== Problem requirements ==
From the entries below, transcribe exactly the lines between the line holding "using n by (cases" and the line holding "unfolding z_def using", inclusive; skip all other lines.

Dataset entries

◇ ◇ ◇ ◇ ◇ ◇ ◇

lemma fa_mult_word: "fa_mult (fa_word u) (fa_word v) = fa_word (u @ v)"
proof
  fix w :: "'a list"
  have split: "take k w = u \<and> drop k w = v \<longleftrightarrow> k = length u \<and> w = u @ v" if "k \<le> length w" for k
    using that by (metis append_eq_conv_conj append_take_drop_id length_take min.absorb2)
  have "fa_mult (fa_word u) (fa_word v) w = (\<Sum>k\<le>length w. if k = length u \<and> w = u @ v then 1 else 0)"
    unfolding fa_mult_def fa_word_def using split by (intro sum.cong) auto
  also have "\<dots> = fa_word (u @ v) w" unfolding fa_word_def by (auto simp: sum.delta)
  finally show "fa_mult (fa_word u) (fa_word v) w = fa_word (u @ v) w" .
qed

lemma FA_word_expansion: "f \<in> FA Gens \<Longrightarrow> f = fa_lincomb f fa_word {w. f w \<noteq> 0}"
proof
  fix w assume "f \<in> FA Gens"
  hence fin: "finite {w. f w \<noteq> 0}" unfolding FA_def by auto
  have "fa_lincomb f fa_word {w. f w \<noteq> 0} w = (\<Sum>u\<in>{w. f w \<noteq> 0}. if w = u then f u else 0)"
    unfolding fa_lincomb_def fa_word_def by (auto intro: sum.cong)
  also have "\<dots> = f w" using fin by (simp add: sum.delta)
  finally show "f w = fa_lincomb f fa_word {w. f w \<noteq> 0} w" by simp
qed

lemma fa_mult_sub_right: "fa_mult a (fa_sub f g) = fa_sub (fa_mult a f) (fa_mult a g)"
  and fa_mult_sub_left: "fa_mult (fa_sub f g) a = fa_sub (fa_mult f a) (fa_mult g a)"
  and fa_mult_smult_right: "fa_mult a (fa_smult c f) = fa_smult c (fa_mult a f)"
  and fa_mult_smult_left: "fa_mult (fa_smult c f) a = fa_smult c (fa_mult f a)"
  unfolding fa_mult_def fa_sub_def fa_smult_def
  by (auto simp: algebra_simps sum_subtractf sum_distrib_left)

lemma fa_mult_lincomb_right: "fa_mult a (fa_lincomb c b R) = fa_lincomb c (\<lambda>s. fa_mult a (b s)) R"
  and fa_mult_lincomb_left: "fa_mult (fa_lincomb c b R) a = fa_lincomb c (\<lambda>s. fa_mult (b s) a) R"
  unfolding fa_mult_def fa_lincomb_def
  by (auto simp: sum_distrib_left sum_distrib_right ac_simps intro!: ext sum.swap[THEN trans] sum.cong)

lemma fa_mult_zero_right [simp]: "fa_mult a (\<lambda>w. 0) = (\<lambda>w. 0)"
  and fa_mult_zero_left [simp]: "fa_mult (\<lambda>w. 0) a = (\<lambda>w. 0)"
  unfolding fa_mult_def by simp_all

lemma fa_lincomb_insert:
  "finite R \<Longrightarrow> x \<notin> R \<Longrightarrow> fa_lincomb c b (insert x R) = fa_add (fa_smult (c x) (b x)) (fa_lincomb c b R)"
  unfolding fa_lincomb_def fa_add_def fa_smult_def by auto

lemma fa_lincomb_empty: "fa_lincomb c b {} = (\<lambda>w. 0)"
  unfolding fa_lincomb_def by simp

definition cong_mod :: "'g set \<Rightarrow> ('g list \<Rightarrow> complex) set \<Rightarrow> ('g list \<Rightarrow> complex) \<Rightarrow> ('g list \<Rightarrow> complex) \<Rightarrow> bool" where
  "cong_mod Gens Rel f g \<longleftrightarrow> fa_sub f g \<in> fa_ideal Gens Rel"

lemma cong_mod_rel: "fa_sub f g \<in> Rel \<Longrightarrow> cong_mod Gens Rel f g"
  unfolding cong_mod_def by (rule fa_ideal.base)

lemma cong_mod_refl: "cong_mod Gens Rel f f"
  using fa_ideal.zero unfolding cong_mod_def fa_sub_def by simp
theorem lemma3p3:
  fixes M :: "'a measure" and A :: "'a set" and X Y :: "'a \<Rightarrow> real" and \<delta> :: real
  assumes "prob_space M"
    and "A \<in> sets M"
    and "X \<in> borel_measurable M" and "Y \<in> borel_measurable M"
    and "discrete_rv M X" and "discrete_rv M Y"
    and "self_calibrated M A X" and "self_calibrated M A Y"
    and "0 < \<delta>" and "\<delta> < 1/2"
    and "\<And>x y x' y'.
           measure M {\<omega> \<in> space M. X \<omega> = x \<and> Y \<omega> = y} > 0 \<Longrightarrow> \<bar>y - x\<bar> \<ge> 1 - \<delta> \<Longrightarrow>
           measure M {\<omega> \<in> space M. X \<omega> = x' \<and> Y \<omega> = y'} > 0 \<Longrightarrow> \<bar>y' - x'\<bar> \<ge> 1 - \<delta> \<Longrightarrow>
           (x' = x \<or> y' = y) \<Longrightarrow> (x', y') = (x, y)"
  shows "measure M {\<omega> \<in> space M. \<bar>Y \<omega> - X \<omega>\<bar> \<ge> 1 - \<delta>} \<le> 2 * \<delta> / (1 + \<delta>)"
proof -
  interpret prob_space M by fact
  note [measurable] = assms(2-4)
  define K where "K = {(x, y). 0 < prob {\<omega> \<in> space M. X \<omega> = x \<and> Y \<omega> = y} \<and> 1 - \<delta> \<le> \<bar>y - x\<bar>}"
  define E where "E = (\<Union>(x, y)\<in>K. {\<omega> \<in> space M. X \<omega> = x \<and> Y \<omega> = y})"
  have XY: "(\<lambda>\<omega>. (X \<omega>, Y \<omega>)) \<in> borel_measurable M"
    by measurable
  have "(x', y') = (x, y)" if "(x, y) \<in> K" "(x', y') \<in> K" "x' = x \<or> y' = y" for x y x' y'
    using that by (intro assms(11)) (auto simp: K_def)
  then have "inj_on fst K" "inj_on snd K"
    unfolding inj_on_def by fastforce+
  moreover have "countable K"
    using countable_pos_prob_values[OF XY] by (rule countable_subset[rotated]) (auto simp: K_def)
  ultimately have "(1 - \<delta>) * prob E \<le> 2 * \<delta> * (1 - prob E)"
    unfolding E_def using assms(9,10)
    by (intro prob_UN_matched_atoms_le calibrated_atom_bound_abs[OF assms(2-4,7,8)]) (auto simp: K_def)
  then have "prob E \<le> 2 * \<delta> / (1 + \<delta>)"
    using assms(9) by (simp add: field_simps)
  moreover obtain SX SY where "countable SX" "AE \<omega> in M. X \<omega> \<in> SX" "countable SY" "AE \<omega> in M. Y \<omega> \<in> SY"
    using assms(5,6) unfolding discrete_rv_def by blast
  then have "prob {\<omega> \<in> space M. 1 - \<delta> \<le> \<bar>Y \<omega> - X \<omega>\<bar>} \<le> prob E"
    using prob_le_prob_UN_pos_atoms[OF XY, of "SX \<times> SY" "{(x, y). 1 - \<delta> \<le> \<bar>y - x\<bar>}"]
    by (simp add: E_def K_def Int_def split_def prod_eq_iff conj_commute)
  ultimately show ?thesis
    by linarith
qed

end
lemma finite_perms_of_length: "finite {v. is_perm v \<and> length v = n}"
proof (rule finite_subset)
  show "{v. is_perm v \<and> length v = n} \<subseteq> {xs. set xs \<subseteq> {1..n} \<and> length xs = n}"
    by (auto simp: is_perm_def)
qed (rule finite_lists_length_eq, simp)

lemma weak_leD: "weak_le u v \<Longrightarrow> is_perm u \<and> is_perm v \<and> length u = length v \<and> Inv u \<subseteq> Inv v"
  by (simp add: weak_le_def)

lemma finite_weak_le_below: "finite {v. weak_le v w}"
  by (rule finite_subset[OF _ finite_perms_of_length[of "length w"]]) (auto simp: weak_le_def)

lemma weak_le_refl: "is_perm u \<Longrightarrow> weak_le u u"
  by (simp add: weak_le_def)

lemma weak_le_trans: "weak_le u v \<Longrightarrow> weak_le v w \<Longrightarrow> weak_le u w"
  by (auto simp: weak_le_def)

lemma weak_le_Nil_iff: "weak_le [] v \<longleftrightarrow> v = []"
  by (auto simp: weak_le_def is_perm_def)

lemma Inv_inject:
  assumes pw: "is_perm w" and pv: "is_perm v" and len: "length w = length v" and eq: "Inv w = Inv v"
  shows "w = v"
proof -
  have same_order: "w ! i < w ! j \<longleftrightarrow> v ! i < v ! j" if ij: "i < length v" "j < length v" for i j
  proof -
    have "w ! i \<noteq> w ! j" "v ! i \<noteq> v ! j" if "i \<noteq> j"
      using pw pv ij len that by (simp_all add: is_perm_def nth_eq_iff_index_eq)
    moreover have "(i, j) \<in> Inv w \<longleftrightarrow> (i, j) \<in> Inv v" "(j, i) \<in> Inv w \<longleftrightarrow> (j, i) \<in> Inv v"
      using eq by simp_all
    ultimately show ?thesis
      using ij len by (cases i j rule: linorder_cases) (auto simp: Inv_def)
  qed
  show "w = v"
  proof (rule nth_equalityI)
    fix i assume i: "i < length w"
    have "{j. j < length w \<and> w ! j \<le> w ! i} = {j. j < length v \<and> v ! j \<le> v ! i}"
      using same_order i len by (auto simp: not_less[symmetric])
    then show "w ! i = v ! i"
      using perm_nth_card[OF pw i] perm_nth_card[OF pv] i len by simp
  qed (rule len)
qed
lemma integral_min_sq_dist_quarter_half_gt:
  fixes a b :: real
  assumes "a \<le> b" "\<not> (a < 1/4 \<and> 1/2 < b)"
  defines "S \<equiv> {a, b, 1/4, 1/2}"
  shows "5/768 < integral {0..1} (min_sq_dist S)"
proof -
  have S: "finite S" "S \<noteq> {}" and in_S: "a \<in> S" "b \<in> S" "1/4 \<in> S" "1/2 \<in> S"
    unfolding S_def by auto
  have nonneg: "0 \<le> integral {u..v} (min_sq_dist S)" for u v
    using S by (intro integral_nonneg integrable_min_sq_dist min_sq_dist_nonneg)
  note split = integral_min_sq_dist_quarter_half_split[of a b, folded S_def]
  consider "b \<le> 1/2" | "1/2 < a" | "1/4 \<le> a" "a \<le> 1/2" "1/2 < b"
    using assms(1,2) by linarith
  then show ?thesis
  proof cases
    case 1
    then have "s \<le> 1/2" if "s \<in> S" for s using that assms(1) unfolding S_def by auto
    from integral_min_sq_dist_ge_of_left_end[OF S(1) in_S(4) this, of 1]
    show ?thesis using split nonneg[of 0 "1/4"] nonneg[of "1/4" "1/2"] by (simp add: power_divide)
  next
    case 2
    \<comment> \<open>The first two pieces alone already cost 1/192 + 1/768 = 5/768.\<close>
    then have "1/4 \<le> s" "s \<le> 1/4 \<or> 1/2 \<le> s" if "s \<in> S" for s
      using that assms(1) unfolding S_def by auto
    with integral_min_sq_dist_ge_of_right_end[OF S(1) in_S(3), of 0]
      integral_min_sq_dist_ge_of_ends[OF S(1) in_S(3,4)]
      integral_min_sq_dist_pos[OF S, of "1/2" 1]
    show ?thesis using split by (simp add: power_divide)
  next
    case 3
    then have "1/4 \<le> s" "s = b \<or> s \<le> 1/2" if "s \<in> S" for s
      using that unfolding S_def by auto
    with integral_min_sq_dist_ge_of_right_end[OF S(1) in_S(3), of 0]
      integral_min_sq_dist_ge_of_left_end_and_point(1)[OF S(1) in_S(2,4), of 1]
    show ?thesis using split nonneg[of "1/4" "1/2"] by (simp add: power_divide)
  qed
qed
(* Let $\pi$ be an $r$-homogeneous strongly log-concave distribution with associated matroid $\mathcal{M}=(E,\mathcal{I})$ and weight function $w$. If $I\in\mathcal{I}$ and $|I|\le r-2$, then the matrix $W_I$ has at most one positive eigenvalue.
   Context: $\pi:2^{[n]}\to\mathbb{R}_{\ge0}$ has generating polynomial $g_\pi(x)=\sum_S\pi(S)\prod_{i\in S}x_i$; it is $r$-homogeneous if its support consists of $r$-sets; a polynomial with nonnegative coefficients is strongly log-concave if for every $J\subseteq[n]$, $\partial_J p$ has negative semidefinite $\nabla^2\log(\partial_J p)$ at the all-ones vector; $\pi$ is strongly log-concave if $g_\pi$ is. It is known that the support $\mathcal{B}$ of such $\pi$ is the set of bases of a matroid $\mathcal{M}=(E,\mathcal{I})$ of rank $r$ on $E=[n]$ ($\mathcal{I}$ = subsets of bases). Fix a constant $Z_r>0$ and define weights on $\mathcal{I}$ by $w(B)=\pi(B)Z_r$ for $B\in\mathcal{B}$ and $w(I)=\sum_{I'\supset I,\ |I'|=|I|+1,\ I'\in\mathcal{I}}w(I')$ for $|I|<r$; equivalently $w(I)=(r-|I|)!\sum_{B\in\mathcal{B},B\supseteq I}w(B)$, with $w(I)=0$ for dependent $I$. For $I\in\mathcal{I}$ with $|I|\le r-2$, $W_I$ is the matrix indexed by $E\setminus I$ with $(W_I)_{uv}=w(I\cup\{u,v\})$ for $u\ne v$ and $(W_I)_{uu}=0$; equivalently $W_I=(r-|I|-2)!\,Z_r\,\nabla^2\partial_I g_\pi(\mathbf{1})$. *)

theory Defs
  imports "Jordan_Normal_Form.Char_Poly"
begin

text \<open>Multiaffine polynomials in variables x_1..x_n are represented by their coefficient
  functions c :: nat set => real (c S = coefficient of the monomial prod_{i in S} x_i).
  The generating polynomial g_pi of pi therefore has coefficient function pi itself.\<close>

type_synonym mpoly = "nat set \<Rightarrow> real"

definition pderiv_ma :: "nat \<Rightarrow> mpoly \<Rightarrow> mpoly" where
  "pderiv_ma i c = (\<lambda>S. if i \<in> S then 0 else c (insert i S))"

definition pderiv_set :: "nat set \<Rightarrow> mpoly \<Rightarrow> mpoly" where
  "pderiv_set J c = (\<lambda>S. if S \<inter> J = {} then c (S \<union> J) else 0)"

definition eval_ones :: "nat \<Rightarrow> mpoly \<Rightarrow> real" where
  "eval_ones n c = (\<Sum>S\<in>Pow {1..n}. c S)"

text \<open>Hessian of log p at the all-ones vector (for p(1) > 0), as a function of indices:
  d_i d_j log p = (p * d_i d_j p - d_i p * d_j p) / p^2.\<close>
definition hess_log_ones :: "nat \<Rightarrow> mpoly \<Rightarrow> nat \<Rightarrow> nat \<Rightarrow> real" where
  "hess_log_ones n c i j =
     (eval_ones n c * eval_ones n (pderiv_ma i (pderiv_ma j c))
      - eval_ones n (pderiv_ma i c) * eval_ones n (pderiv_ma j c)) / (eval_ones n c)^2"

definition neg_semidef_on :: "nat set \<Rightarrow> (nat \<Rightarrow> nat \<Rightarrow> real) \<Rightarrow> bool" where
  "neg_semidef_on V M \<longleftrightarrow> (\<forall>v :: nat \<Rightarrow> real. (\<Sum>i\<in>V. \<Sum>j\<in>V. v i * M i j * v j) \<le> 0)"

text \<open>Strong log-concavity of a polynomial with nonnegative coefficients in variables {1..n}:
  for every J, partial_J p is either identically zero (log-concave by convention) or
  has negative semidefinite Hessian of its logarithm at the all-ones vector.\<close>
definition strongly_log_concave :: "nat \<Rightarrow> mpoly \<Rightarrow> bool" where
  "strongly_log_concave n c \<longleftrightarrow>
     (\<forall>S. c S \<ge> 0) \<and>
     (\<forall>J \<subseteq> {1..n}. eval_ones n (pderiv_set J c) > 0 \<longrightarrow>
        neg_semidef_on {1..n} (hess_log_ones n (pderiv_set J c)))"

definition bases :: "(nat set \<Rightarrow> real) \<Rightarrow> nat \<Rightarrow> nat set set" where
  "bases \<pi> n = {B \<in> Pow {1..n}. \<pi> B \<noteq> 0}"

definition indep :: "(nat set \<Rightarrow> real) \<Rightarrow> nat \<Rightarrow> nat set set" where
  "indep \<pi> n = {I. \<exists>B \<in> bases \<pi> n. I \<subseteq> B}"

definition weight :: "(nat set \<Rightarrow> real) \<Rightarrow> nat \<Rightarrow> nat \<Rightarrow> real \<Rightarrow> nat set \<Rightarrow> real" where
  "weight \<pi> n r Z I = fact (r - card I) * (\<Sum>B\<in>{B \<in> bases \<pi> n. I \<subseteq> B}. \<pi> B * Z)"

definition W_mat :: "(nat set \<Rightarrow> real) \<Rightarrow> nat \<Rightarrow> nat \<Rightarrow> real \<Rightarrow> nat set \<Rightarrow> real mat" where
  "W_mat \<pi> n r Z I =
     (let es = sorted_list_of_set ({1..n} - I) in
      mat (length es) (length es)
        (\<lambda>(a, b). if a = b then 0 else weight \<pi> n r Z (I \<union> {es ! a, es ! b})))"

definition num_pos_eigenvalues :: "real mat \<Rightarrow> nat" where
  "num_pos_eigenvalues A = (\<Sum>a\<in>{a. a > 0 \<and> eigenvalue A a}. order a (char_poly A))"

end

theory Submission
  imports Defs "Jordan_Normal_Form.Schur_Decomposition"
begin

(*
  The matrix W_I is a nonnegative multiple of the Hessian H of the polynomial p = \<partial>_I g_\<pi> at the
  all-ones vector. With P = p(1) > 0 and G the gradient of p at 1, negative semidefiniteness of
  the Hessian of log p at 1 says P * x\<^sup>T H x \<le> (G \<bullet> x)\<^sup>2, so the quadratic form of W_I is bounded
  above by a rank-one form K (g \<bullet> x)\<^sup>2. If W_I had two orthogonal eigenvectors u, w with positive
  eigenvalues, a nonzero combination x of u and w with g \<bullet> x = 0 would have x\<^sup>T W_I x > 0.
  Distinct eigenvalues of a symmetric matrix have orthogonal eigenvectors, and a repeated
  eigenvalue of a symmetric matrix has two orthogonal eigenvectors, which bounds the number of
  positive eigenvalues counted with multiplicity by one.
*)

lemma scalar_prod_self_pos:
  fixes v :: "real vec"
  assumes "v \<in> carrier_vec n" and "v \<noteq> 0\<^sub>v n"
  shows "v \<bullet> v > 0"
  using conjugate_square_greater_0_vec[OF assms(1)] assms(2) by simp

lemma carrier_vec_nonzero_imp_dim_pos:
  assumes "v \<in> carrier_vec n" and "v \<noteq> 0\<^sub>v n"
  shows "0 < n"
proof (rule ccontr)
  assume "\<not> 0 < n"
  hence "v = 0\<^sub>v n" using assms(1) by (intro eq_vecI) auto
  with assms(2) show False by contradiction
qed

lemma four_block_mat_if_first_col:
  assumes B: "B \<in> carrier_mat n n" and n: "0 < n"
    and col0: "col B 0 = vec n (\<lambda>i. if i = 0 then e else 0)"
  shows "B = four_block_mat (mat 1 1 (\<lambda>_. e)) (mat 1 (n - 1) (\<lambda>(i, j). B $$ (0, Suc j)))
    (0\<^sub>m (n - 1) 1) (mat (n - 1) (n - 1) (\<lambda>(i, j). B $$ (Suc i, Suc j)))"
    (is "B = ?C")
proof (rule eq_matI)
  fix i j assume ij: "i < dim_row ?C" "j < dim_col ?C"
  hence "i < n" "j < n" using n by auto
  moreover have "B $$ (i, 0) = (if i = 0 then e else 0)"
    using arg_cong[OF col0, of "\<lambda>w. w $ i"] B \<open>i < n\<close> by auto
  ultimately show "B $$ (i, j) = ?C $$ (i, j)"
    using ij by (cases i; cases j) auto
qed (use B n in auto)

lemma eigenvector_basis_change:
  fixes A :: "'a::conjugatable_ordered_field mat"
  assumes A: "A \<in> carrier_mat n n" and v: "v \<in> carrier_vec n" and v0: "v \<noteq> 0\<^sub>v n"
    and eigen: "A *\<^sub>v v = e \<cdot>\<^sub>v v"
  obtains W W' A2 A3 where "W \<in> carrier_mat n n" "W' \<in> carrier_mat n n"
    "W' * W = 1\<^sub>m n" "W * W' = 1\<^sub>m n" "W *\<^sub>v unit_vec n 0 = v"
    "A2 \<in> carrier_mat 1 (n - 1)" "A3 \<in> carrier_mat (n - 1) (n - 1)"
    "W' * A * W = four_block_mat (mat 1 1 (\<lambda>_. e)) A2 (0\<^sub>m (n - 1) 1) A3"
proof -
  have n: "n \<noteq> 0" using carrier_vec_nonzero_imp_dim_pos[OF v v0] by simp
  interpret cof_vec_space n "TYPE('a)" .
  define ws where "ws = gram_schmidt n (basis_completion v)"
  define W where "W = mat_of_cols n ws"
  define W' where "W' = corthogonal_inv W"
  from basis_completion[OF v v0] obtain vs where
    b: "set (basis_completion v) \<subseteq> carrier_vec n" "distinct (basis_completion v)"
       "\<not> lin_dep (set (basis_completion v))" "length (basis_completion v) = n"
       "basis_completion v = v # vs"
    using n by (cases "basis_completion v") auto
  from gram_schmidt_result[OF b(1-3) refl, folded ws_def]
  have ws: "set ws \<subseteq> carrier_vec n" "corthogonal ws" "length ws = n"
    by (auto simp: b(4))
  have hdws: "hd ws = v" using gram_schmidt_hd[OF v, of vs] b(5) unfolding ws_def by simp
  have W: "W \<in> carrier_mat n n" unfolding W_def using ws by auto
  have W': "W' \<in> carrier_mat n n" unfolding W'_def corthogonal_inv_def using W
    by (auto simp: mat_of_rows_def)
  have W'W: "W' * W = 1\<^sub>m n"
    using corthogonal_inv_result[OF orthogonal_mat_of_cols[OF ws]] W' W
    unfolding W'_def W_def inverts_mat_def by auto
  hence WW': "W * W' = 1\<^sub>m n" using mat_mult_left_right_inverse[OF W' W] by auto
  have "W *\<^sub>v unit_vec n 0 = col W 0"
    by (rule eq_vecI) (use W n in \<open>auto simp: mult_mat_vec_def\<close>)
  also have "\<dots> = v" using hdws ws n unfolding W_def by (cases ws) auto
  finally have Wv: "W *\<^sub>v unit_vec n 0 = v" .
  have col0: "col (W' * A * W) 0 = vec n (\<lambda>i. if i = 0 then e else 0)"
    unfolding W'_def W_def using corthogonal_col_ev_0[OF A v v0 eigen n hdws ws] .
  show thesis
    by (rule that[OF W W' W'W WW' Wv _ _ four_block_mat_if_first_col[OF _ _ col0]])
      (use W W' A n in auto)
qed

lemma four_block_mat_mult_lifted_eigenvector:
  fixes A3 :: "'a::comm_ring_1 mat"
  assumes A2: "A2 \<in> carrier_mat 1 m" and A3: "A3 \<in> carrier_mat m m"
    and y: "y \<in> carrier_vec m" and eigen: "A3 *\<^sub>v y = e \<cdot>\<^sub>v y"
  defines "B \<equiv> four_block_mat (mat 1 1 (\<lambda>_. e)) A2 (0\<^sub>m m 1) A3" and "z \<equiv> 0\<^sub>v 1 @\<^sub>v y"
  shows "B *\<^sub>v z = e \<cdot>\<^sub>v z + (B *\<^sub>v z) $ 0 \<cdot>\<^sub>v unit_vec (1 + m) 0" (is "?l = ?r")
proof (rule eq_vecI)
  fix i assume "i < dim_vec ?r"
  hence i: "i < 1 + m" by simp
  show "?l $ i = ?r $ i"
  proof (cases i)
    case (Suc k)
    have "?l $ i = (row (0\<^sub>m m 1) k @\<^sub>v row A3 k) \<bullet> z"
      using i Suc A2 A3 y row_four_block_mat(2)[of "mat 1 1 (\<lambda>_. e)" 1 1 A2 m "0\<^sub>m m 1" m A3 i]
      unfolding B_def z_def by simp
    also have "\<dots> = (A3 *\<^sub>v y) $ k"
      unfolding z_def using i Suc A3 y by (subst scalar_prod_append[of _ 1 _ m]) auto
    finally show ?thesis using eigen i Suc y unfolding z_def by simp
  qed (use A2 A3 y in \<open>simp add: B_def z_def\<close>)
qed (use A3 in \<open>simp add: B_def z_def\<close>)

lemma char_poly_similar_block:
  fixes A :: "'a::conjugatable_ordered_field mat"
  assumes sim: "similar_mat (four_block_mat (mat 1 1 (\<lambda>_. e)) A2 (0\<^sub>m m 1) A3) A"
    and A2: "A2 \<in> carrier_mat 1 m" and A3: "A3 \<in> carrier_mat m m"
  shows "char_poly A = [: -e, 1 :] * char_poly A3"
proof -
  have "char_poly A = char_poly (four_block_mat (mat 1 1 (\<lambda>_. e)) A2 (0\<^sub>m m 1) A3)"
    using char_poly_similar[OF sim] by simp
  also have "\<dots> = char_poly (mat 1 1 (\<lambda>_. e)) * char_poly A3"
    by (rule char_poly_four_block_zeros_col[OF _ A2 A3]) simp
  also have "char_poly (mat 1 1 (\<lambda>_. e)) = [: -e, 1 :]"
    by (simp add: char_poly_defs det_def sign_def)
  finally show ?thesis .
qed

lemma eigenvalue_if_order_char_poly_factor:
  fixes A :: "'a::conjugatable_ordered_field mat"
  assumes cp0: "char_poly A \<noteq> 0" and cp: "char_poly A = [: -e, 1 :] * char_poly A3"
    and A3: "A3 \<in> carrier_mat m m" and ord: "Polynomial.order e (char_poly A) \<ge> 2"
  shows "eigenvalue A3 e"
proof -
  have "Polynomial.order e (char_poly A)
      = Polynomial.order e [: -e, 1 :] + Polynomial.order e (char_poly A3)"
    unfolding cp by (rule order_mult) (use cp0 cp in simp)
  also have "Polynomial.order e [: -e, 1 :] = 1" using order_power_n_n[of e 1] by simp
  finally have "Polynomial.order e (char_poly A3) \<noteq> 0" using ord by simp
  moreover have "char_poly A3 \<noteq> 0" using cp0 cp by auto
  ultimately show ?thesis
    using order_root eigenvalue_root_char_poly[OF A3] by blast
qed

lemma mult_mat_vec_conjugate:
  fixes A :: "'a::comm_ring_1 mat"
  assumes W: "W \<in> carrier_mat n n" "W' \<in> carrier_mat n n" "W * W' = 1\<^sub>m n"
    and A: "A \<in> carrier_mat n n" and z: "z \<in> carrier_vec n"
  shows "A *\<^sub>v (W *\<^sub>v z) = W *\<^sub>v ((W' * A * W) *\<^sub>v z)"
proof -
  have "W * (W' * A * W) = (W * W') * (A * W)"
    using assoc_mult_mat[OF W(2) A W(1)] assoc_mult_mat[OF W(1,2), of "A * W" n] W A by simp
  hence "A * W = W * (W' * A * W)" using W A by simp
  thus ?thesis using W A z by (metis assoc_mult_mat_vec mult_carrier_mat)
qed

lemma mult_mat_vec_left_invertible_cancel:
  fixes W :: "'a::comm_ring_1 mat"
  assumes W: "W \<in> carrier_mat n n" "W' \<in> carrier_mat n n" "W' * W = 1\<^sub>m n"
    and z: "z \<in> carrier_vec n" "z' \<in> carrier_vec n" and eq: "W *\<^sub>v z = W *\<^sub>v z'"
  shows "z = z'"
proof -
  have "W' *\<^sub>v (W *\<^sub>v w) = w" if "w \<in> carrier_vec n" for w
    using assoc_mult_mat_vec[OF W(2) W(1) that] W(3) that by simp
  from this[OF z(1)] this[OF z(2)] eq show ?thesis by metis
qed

◇ ◇ ◇ ◇ ◇ ◇ ◇

== Written solution ==
    using n by (cases "basis_completion v") auto
  from gram_schmidt_result[OF b(1-3) refl, folded ws_def]
  have ws: "set ws \<subseteq> carrier_vec n" "corthogonal ws" "length ws = n"
    by (auto simp: b(4))
  have hdws: "hd ws = v" using gram_schmidt_hd[OF v, of vs] b(5) unfolding ws_def by simp
  have W: "W \<in> carrier_mat n n" unfolding W_def using ws by auto
  have W': "W' \<in> carrier_mat n n" unfolding W'_def corthogonal_inv_def using W
    by (auto simp: mat_of_rows_def)
  have W'W: "W' * W = 1\<^sub>m n"
    using corthogonal_inv_result[OF orthogonal_mat_of_cols[OF ws]] W' W
    unfolding W'_def W_def inverts_mat_def by auto
  hence WW': "W * W' = 1\<^sub>m n" using mat_mult_left_right_inverse[OF W' W] by auto
  have "W *\<^sub>v unit_vec n 0 = col W 0"
    by (rule eq_vecI) (use W n in \<open>auto simp: mult_mat_vec_def\<close>)
  also have "\<dots> = v" using hdws ws n unfolding W_def by (cases ws) auto
  finally have Wv: "W *\<^sub>v unit_vec n 0 = v" .
  have col0: "col (W' * A * W) 0 = vec n (\<lambda>i. if i = 0 then e else 0)"
    unfolding W'_def W_def using corthogonal_col_ev_0[OF A v v0 eigen n hdws ws] .
  show thesis
    by (rule that[OF W W' W'W WW' Wv _ _ four_block_mat_if_first_col[OF _ _ col0]])
      (use W W' A n in auto)
qed

lemma four_block_mat_mult_lifted_eigenvector:
  fixes A3 :: "'a::comm_ring_1 mat"
  assumes A2: "A2 \<in> carrier_mat 1 m" and A3: "A3 \<in> carrier_mat m m"
    and y: "y \<in> carrier_vec m" and eigen: "A3 *\<^sub>v y = e \<cdot>\<^sub>v y"
  defines "B \<equiv> four_block_mat (mat 1 1 (\<lambda>_. e)) A2 (0\<^sub>m m 1) A3" and "z \<equiv> 0\<^sub>v 1 @\<^sub>v y"
  shows "B *\<^sub>v z = e \<cdot>\<^sub>v z + (B *\<^sub>v z) $ 0 \<cdot>\<^sub>v unit_vec (1 + m) 0" (is "?l = ?r")
proof (rule eq_vecI)
  fix i assume "i < dim_vec ?r"
  hence i: "i < 1 + m" by simp
  show "?l $ i = ?r $ i"
  proof (cases i)
    case (Suc k)
    have "?l $ i = (row (0\<^sub>m m 1) k @\<^sub>v row A3 k) \<bullet> z"
      using i Suc A2 A3 y row_four_block_mat(2)[of "mat 1 1 (\<lambda>_. e)" 1 1 A2 m "0\<^sub>m m 1" m A3 i]
      unfolding B_def z_def by simp
    also have "\<dots> = (A3 *\<^sub>v y) $ k"
      unfolding z_def using i Suc A3 y by (subst scalar_prod_append[of _ 1 _ m]) auto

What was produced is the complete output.